» Work to be completed
All that is required is the number of lines in this listing that hold "simp".
=====
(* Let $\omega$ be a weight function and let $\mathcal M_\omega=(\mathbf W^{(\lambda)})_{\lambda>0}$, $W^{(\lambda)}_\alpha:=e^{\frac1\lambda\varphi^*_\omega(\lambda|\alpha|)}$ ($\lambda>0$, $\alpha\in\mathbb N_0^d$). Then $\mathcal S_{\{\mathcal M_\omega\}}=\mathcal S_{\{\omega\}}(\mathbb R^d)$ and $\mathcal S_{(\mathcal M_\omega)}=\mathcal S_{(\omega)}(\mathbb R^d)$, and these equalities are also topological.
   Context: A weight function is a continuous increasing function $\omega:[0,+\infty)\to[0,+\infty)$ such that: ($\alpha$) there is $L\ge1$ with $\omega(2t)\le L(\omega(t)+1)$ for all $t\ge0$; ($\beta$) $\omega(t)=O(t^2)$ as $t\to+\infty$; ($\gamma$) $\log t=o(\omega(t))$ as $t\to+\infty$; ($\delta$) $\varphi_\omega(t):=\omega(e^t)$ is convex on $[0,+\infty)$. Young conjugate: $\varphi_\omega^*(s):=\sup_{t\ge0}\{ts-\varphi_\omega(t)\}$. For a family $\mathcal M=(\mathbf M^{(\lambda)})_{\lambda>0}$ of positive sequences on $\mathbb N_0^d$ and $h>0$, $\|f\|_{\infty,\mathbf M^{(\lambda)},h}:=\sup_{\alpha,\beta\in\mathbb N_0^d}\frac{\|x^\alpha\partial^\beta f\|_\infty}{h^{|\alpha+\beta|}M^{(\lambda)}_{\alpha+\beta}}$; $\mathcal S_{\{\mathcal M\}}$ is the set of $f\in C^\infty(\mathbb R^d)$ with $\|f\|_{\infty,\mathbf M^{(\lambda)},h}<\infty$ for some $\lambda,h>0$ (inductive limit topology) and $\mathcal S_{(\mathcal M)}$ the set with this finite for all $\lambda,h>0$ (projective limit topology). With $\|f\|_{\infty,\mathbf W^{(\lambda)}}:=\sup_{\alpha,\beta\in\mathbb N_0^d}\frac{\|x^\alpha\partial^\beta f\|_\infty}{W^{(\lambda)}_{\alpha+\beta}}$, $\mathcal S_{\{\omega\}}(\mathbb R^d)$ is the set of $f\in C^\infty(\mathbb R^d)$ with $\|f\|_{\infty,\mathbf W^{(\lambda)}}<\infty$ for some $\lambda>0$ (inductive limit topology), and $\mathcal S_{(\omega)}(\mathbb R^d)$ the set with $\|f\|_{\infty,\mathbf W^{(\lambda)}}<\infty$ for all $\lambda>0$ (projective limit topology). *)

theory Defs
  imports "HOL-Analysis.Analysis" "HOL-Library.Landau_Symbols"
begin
=====
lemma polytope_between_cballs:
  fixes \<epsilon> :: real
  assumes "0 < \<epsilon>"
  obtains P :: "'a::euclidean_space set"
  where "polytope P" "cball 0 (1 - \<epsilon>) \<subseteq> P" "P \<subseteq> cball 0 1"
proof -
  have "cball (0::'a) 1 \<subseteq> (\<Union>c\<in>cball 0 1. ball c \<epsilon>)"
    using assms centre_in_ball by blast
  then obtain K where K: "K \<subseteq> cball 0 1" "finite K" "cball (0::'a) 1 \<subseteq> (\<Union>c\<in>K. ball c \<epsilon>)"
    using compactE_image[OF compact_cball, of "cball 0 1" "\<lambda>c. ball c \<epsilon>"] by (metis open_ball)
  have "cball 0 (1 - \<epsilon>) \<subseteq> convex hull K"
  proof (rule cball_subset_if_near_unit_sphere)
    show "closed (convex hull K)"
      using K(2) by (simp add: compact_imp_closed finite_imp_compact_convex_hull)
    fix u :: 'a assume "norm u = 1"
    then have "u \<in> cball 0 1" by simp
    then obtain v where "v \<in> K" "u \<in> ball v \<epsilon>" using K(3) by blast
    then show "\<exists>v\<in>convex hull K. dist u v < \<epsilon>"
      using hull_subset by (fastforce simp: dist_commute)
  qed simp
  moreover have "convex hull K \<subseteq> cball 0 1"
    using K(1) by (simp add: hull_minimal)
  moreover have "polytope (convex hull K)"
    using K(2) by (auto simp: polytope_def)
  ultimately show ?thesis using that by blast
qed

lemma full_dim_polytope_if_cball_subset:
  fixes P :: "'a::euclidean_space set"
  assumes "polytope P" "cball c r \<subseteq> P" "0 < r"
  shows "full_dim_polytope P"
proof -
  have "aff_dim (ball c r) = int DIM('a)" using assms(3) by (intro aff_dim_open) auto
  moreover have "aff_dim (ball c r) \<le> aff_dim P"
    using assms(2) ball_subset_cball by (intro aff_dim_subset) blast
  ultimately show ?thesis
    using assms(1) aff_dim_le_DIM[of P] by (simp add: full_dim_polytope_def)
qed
=====
» Response
7